Sometimes living with grief is described as like being on a roller coaster. But a roller coaster has both ups and downs, highs and lows, excitement, anticipation, that moment when everything stands still and then a terrifying, exhilarating rush. For me grief is more like a treadmill and I am stuck facing the wrong direction. Or an escalator, a crazy long one like on the London Underground, where you bravely step on without being able to see where it ends. My escalator is moving down, and down, and down, but I am trying to go up, climbing and climbing, but getting nowhere.

I stop to take a breath, I close my eyes, and in my mind, I am holding my baby girl. I remember how it felt to kiss her soft cheeks, how she fit perfectly in my arms, where she was meant to be forever, not just for a day. I want to stay in that moment, but I’ve stopped for too long, I am starting to go down. I need to climb again, but it’s so hard. I could just stop, let the escalator carry me down into the darkness, to a place where there’s nothing, where it won’t hurt any more. Or I could put one foot in front of the other, just one step, just one will lift me up, away from the dark. One step and then another, not further from Maeve, but towards a future with her in it, not in the way she should have been, but in beauty, in memory, in love. And so I climb, for Maeve, because of Maeve, because I owe it to my baby girl not to give up.
. . .
Jess McCormack became both a mother and a bereaved mother in April 2013, when her beautiful Maeve died during labor. Now she is so grateful to have Maeve’s little sister to hold in her arms, while both her daughters have a hold of their mom’s heart.
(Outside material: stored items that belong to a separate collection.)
lemma state_mult_chebU: "\<phi> (y * chebU m x) = cheb_functional m (\<lambda>j. \<phi> (y * x ^ j))"
proof (induction m arbitrary: y rule: less_induct)
  case (less m)
  consider "m = 0" | "m = 1" | m' where "m = Suc (Suc m')"
    by (metis One_nat_def not0_implies_Suc)
  then show ?case
  proof cases
    case 3
    have "y * chebU m x = (y * x) * chebU (Suc m') x - y * chebU m' x"
      unfolding 3 by (simp add: algebra_simps)
    then have "\<phi> (y * chebU m x) =
        cheb_functional (Suc m') (\<lambda>j. \<phi> ((y * x) * x ^ j)) - cheb_functional m' (\<lambda>j. \<phi> (y * x ^ j))"
      using less 3 by (simp add: state_diff)
    then show ?thesis unfolding 3 by (simp add: mult.assoc)
  qed simp_all
qed

context
  fixes X :: "int \<Rightarrow> 'a" and \<rho> :: "int \<Rightarrow> real"
  assumes semicircular: "stationary_std_semicircular sc st \<phi> X \<rho>"
begin

lemma covariance_0: "\<rho> 0 = 1"
  using semicircular unfolding stationary_std_semicircular_def by blast

lemma state_prod_list: "\<phi> (prod_list (map X w)) = of_real (nc_moment \<rho> w)"
  using semicircular unfolding stationary_std_semicircular_def nc_moment_def pairing_weight_def by blast

lemma state_chebU_mult_prod_list:
  "\<phi> (chebU n (X a) * prod_list (map X w)) = of_real (cheb_moment \<rho> n a w)"
proof (induction n arbitrary: w rule: less_induct)
  case (less n)
  consider "n = 0" | "n = 1" | n' where "n = Suc (Suc n')"
    by (metis One_nat_def not0_implies_Suc)
  then show ?case
  proof cases
    case 1
    then show ?thesis by (simp add: state_prod_list)
  next
    case 2
    then show ?thesis using state_prod_list[of "a # w"] by (simp add: cheb_moment_Suc_0)
  next
    case 3
    have "chebU n (X a) * prod_list (map X w) =
        chebU (Suc n') (X a) * prod_list (map X (a # w)) - chebU n' (X a) * prod_list (map X w)"
      unfolding 3 by (simp add: chebU_commute left_diff_distrib mult.assoc)
    then show ?thesis
      using less.IH[of "Suc n'" "a # w"] less.IH[of n' w] 3
      by (simp add: state_diff cheb_moment_Cons_same[of \<rho>, OF covariance_0])
  qed
qed

lemma state_chebU_mult_chebU:
  "\<phi> (chebU n (X 0) * chebU m (X t)) = (if n = m then of_real (\<rho> t ^ n) else 0)"
proof -
  have "\<phi> (chebU n (X 0) * X t ^ j) = of_real (\<rho> t ^ n * cheb_moment \<rho> n t (replicate j t))" for j
    using state_chebU_mult_prod_list[of n 0 "replicate j t"]
      cheb_moment_replicate[where \<rho> = \<rho> and a = 0, OF covariance_0] by simp
  then have "\<phi> (chebU n (X 0) * chebU m (X t)) =
      of_real (\<rho> t ^ n * cheb_functional m (\<lambda>j. cheb_moment \<rho> n t (replicate j t)))"
    by (simp add: state_mult_chebU cheb_functional_of_real cheb_functional_mult)
  then show ?thesis
    by (simp add: cheb_functional_cheb_moment_replicate[of \<rho>, OF covariance_0])
qed

lemma state_cheb_eval_mult_cheb_eval:
  assumes rank: "cheb_rank c K k"
  shows "\<phi> (cheb_eval sc c K (X 0) * cheb_eval sc c K (X t)) = of_real (\<Sum>j=k..K. (c j)\<^sup>2 * \<rho> t ^ j)"
proof -
  have "\<phi> (cheb_eval sc c K (X 0) * cheb_eval sc c K (X t)) =
      (\<Sum>n=1..K. \<Sum>m=1..K. of_real (c m) * (of_real (c n) * \<phi> (chebU n (X 0) * chebU m (X t))))"
    unfolding cheb_eval_def sum_product by (simp add: scale_mult_left scale_mult_right state_sum state_scale)
  also have "\<dots> = (\<Sum>n=1..K. \<Sum>m=1..K. if m = n then of_real ((c n)\<^sup>2 * \<rho> t ^ n) else 0)"
    by (intro sum.cong refl) (simp add: state_chebU_mult_chebU power2_eq_square)
  also have "\<dots> = of_real (\<Sum>n=1..K. (c n)\<^sup>2 * \<rho> t ^ n)"
    by simp
  also have "(\<Sum>n=1..K. (c n)\<^sup>2 * \<rho> t ^ n) = (\<Sum>n=k..K. (c n)\<^sup>2 * \<rho> t ^ n)"
    using rank unfolding cheb_rank_def by (intro sum.mono_neutral_right) auto
  finally show ?thesis .
qed

end

end

section \<open>Summability\<close>

lemma tendsto_cofinite_int:
  fixes f :: "int \<Rightarrow> 'b::topological_space"
  assumes "(f \<longlongrightarrow> l) at_top" and "(f \<longlongrightarrow> l) at_bot"
  shows "(f \<longlongrightarrow> l) cofinite"
proof (rule topological_tendstoI)
  fix S assume "open S" "l \<in> S"
  then obtain M N where top: "\<And>n. N \<le> n \<Longrightarrow> f n \<in> S" and bot: "\<And>n. n \<le> M \<Longrightarrow> f n \<in> S"
    using topological_tendstoD[OF assms(1)] topological_tendstoD[OF assms(2)]
    unfolding eventually_at_top_linorder eventually_at_bot_linorder by metis
  have "M \<le> n \<and> n \<le> N" if "f n \<notin> S" for n
    using top[of n] bot[of n] that by (cases "n \<le> M"; cases "N \<le> n") auto
  then have "{n. f n \<notin> S} \<subseteq> {M..N}"
    by auto
  then show "\<forall>\<^sub>F n in cofinite. f n \<in> S"
    unfolding eventually_cofinite using finite_subset by blast
qed

lemma summable_on_comparison_cofinite:
  fixes f g :: "'b \<Rightarrow> real"
  assumes f: "f summable_on UNIV" and E: "finite E"
    and le: "\<And>n. n \<notin> E \<Longrightarrow> g n \<le> C * f n" and nonneg: "\<And>n. 0 \<le> g n"
  shows "g summable_on UNIV"
proof -
  have "(\<lambda>n. C * f n) summable_on (UNIV - E)"
    using summable_on_cofin_subset[OF f E] by (rule summable_on_cmult_right)
  then have "g summable_on (UNIV - E)"
    by (rule summable_on_comparison_test) (use le nonneg in auto)
  moreover have "g summable_on E"
    using E by simp
  ultimately have "g summable_on ((UNIV - E) \<union> E)"
    by (rule summable_on_union)
  then show ?thesis by simp
qed

lemma abs_sum_power_bounds:
  fixes a :: "nat \<Rightarrow> real"
  assumes "k \<le> K" and y: "\<bar>y\<bar> \<le> 1"
  defines "H \<equiv> \<Sum>j=Suc k..K. \<bar>a j\<bar>"
  shows "\<bar>\<Sum>j=k..K. a j * y ^ j\<bar> \<le> (\<bar>a k\<bar> + H) * \<bar>y\<bar> ^ k"
    and "H * \<bar>y\<bar> \<le> \<bar>a k\<bar> / 2 \<Longrightarrow> \<bar>a k\<bar> / 2 * \<bar>y\<bar> ^ k \<le> \<bar>\<Sum>j=k..K. a j * y ^ j\<bar>"
proof -
  have split: "(\<Sum>j=k..K. a j * y ^ j) = a k * y ^ k + (\<Sum>j=Suc k..K. a j * y ^ j)"
    using \<open>k \<le> K\<close> by (simp add: sum.atLeast_Suc_atMost)
  have "\<bar>\<Sum>j=Suc k..K. a j * y ^ j\<bar> \<le> (\<Sum>j=Suc k..K. \<bar>a j\<bar> * \<bar>y\<bar> ^ Suc k)"
  proof (rule order_trans[OF sum_abs sum_mono])
    fix j assume "j \<in> {Suc k..K}"
    then have "\<bar>y\<bar> ^ j \<le> \<bar>y\<bar> ^ Suc k" using y by (intro power_decreasing) auto
    then show "\<bar>a j * y ^ j\<bar> \<le> \<bar>a j\<bar> * \<bar>y\<bar> ^ Suc k"
      by (simp add: abs_mult power_abs mult_left_mono)
  qed
  also have "\<dots> = (H * \<bar>y\<bar>) * \<bar>y\<bar> ^ k"
    unfolding H_def sum_distrib_right power_Suc by (simp only: mult.assoc)
  finally have tail: "\<bar>\<Sum>j=Suc k..K. a j * y ^ j\<bar> \<le> (H * \<bar>y\<bar>) * \<bar>y\<bar> ^ k" .
  have "H * \<bar>y\<bar> \<le> H"
    using y unfolding H_def by (simp add: mult_left_le sum_nonneg)
  then have "(H * \<bar>y\<bar>) * \<bar>y\<bar> ^ k \<le> H * \<bar>y\<bar> ^ k"
    by (simp add: mult_right_mono)
  then show "\<bar>\<Sum>j=k..K. a j * y ^ j\<bar> \<le> (\<bar>a k\<bar> + H) * \<bar>y\<bar> ^ k"
    using tail unfolding split by (simp add: abs_mult power_abs distrib_right abs_triangle_ineq [THEN order_trans])
  assume "H * \<bar>y\<bar> \<le> \<bar>a k\<bar> / 2"
  then have "(H * \<bar>y\<bar>) * \<bar>y\<bar> ^ k \<le> \<bar>a k\<bar> / 2 * \<bar>y\<bar> ^ k"
    by (rule mult_right_mono) simp
  then show "\<bar>a k\<bar> / 2 * \<bar>y\<bar> ^ k \<le> \<bar>\<Sum>j=k..K. a j * y ^ j\<bar>"
    using tail abs_triangle_ineq2[of "a k * y ^ k" "- (\<Sum>j=Suc k..K. a j * y ^ j)"]
    unfolding split by (simp add: abs_mult power_abs)
qed

lemma summable_on_abs_sum_power_iff:
  fixes \<rho> :: "'b \<Rightarrow> real" and a :: "nat \<Rightarrow> real"
  assumes \<rho>: "(\<rho> \<longlongrightarrow> 0) cofinite" and "k \<le> K" and "a k \<noteq> 0"
  shows "(\<lambda>n. \<bar>\<Sum>j=k..K. a j * \<rho> n ^ j\<bar>) summable_on UNIV \<longleftrightarrow> (\<lambda>n. \<bar>\<rho> n\<bar> ^ k) summable_on UNIV"
proof -
  define H where "H = (\<Sum>j=Suc k..K. \<bar>a j\<bar>)"
  have "H \<ge> 0" unfolding H_def by (simp add: sum_nonneg)
  define \<delta> where "\<delta> = min 1 (\<bar>a k\<bar> / (2 * (H + 1)))"
  have "\<delta> > 0" unfolding \<delta>_def using \<open>a k \<noteq> 0\<close> \<open>H \<ge> 0\<close> by simp
  define E where "E = {n. \<delta> \<le> \<bar>\<rho> n\<bar>}"
  have E: "finite E"
    using tendstoD[OF \<rho> \<open>\<delta> > 0\<close>] unfolding E_def eventually_cofinite by (simp add: not_less)
  have small: "\<bar>\<rho> n\<bar> \<le> 1" "H * \<bar>\<rho> n\<bar> \<le> \<bar>a k\<bar> / 2" if "n \<notin> E" for n
  proof -
    have \<rho>n: "\<bar>\<rho> n\<bar> \<le> \<delta>" using that unfolding E_def by simp
    then show "\<bar>\<rho> n\<bar> \<le> 1" unfolding \<delta>_def by simp
    have "H * \<bar>\<rho> n\<bar> \<le> H * (\<bar>a k\<bar> / (2 * (H + 1)))"
      using \<rho>n \<open>H \<ge> 0\<close> unfolding \<delta>_def by (intro mult_left_mono) auto
    also have "\<dots> = \<bar>a k\<bar> / 2 * (H / (H + 1))"
      using \<open>H \<ge> 0\<close> by (simp add: field_simps)
    also have "\<dots> \<le> \<bar>a k\<bar> / 2"
      using \<open>H \<ge> 0\<close> by (intro mult_left_le) (auto simp: field_simps)
    finally show "H * \<bar>\<rho> n\<bar> \<le> \<bar>a k\<bar> / 2" .
  qed
  note bounds = abs_sum_power_bounds[OF \<open>k \<le> K\<close> small(1), of _ a, folded H_def]
  show ?thesis
  proof
    assume "(\<lambda>n. \<bar>\<Sum>j=k..K. a j * \<rho> n ^ j\<bar>) summable_on UNIV"
    then show "(\<lambda>n. \<bar>\<rho> n\<bar> ^ k) summable_on UNIV"
    proof (rule summable_on_comparison_cofinite[OF _ E])
      fix n assume "n \<notin> E"
      then show "\<bar>\<rho> n\<bar> ^ k \<le> 2 / \<bar>a k\<bar> * \<bar>\<Sum>j=k..K. a j * \<rho> n ^ j\<bar>"
        using bounds(2)[of n] small(2)[of n] \<open>a k \<noteq> 0\<close> by (simp add: field_simps)
    qed simp
  next
    assume "(\<lambda>n. \<bar>\<rho> n\<bar> ^ k) summable_on UNIV"
    then show "(\<lambda>n. \<bar>\<Sum>j=k..K. a j * \<rho> n ^ j\<bar>) summable_on UNIV"
      by (rule summable_on_comparison_cofinite[OF _ E]) (use bounds(1) in auto)
  qed
qed

theorem lemma4p3:
  fixes sc :: "complex \<Rightarrow> 'a::ring_1 \<Rightarrow> 'a" and st :: "'a \<Rightarrow> 'a" and \<phi> :: "'a \<Rightarrow> complex"
    and X :: "int \<Rightarrow> 'a" and \<rho> :: "int \<Rightarrow> real"
    and c :: "nat \<Rightarrow> real" and K k :: nat
  assumes "star_prob_space sc st \<phi>"
    and "stationary_std_semicircular sc st \<phi> X \<rho>"
    and "(\<rho> \<longlongrightarrow> 0) at_top" and "(\<rho> \<longlongrightarrow> 0) at_bot"
    and "c 0 = 0"
    and "cheb_rank c K k"
  shows "(\<forall>t::int. \<phi> (cheb_eval sc c K (X 0) * cheb_eval sc c K (X t)) =
            complex_of_real (\<Sum>j=k..K. (c j)\<^sup>2 * (\<rho> t) ^ j))
       \<and> ((\<lambda>n::int. norm (\<phi> (cheb_eval sc c K (X 0) * cheb_eval sc c K (X n)))) summable_on UNIV
            \<longleftrightarrow> (\<lambda>n::int. \<bar>\<rho> n\<bar> ^ k) summable_on UNIV)"
proof -
  have covariance: "\<phi> (cheb_eval sc c K (X 0) * cheb_eval sc c K (X t)) =
      complex_of_real (\<Sum>j=k..K. (c j)\<^sup>2 * \<rho> t ^ j)" for t
    using state_cheb_eval_mult_cheb_eval[OF assms(1,2,6)] .
  have "k \<le> K" "(c k)\<^sup>2 \<noteq> 0"
    using assms(6) unfolding cheb_rank_def by simp_all
  then have "(\<lambda>n. \<bar>\<Sum>j=k..K. (c j)\<^sup>2 * \<rho> n ^ j\<bar>) summable_on UNIV \<longleftrightarrow> (\<lambda>n. \<bar>\<rho> n\<bar> ^ k) summable_on UNIV"
    by (intro summable_on_abs_sum_power_iff tendsto_cofinite_int assms(3,4))
  then show ?thesis
    using covariance by (simp only: norm_of_real) simp
qed

end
I am truly sorry for your loss. The escalator story is so true. It has been one year and seven months since I lost my one and only child at 24 years old. I was not prepared. I had never ever imagined for even one second that I would lose her. Everyone around me tells me how much they are in awe of my strength and my fight to live. The have no idea about the war that goes on in my head. Your post says it all. It is a battle every single day. Even if we smile with others and go on with our work and life. We are still just hanging on by a thread every single day..
Your post was beautiful. Thank you for sharing it.
Tammie Kartchner
Tammkar@live.com
So incredibly beautiful. This captures the grieving mom’s struggle to move forward in a world where her child no longer lives perfectly. Thank you Jess for sharing your heart!
I kept thinking as I read that, yes, I can relate not wanting to look back on those first three or so months. My son died Oct 14, 2014 and I know life as I knew it is gone. It seems the first 3 to 4 months I was so wired, and although in anguish, I could think clearer than I do now.